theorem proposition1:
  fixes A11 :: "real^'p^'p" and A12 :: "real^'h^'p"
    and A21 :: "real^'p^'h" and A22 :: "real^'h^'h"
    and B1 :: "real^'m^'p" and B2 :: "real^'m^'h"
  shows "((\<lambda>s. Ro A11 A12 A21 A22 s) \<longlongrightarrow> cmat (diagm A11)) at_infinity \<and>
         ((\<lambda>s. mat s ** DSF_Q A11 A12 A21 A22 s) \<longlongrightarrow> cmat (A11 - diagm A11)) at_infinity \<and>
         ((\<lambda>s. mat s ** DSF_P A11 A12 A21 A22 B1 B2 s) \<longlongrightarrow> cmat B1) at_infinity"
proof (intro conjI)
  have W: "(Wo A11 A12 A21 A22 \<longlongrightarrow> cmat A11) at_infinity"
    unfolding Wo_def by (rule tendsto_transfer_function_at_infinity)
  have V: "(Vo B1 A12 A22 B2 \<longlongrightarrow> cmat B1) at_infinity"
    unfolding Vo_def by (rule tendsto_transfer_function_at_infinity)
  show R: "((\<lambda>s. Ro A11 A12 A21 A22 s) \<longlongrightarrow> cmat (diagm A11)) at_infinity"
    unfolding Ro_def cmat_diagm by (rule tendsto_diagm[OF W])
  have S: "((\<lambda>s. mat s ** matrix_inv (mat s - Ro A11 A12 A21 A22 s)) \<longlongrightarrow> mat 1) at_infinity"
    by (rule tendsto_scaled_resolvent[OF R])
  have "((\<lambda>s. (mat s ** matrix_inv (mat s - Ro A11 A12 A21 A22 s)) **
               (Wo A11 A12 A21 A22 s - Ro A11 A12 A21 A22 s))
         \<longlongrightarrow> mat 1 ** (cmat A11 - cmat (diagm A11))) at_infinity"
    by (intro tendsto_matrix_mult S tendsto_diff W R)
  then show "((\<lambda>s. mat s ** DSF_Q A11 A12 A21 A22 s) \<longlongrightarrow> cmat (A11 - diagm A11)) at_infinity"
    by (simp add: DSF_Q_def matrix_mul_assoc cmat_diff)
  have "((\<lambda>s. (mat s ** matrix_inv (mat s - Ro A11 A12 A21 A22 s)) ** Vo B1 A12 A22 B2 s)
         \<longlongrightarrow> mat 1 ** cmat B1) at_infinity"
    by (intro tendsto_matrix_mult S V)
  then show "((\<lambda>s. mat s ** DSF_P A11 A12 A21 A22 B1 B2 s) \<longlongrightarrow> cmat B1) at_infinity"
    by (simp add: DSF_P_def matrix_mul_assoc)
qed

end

__________________________________________________

> [TASK TO COMPLETE]:
The records are to be retyped exactly. No line may be skipped.

> [RESPONSE TO THE TASK]:
theorem proposition1:
  fixes A11 :: "real^'p^'p" and A12 :: "real^'h^'p"
    and A21 :: "real^'p^'h" and A22 :: "real^'h^'h"
    and B1 :: "real^'m^'p" and B2 :: "real^'m^'h"
  shows "((\<lambda>s. Ro A11 A12 A21 A22 s) \<longlongrightarrow> cmat (diagm A11)) at_infinity \<and>
         ((\<lambda>s. mat s ** DSF_Q A11 A12 A21 A22 s) \<longlongrightarrow> cmat (A11 - diagm A11)) at_infinity \<and>
         ((\<lambda>s. mat s ** DSF_P A11 A12 A21 A22 B1 B2 s) \<longlongrightarrow> cmat B1) at_infinity"
proof (intro conjI)
  have W: "(Wo A11 A12 A21 A22 \<longlongrightarrow> cmat A11) at_infinity"
    unfolding Wo_def by (rule tendsto_transfer_function_at_infinity)
  have V: "(Vo B1 A12 A22 B2 \<longlongrightarrow> cmat B1) at_infinity"
    unfolding Vo_def by (rule tendsto_transfer_function_at_infinity)
  show R: "((\<lambda>s. Ro A11 A12 A21 A22 s) \<longlongrightarrow> cmat (diagm A11)) at_infinity"
    unfolding Ro_def cmat_diagm by (rule tendsto_diagm[OF W])
  have S: "((\<lambda>s. mat s ** matrix_inv (mat s - Ro A11 A12 A21 A22 s)) \<longlongrightarrow> mat 1) at_infinity"
    by (rule tendsto_scaled_resolvent[OF R])
  have "((\<lambda>s. (mat s ** matrix_inv (mat s - Ro A11 A12 A21 A22 s)) **
               (Wo A11 A12 A21 A22 s - Ro A11 A12 A21 A22 s))
         \<longlongrightarrow> mat 1 ** (cmat A11 - cmat (diagm A11))) at_infinity"
    by (intro tendsto_matrix_mult S tendsto_diff W R)
  then show "((\<lambda>s. mat s ** DSF_Q A11 A12 A21 A22 s) \<longlongrightarrow> cmat (A11 - diagm A11)) at_infinity"
    by (simp add: DSF_Q_def matrix_mul_assoc cmat_diff)
  have "((\<lambda>s. (mat s ** matrix_inv (mat s - Ro A11 A12 A21 A22 s)) ** Vo B1 A12 A22 B2 s)
         \<longlongrightarrow> mat 1 ** cmat B1) at_infinity"
    by (intro tendsto_matrix_mult S V)
  then show "((\<lambda>s. mat s ** DSF_P A11 A12 A21 A22 B1 B2 s) \<longlongrightarrow> cmat B1) at_infinity"
    by (simp add: DSF_P_def matrix_mul_assoc)
qed

end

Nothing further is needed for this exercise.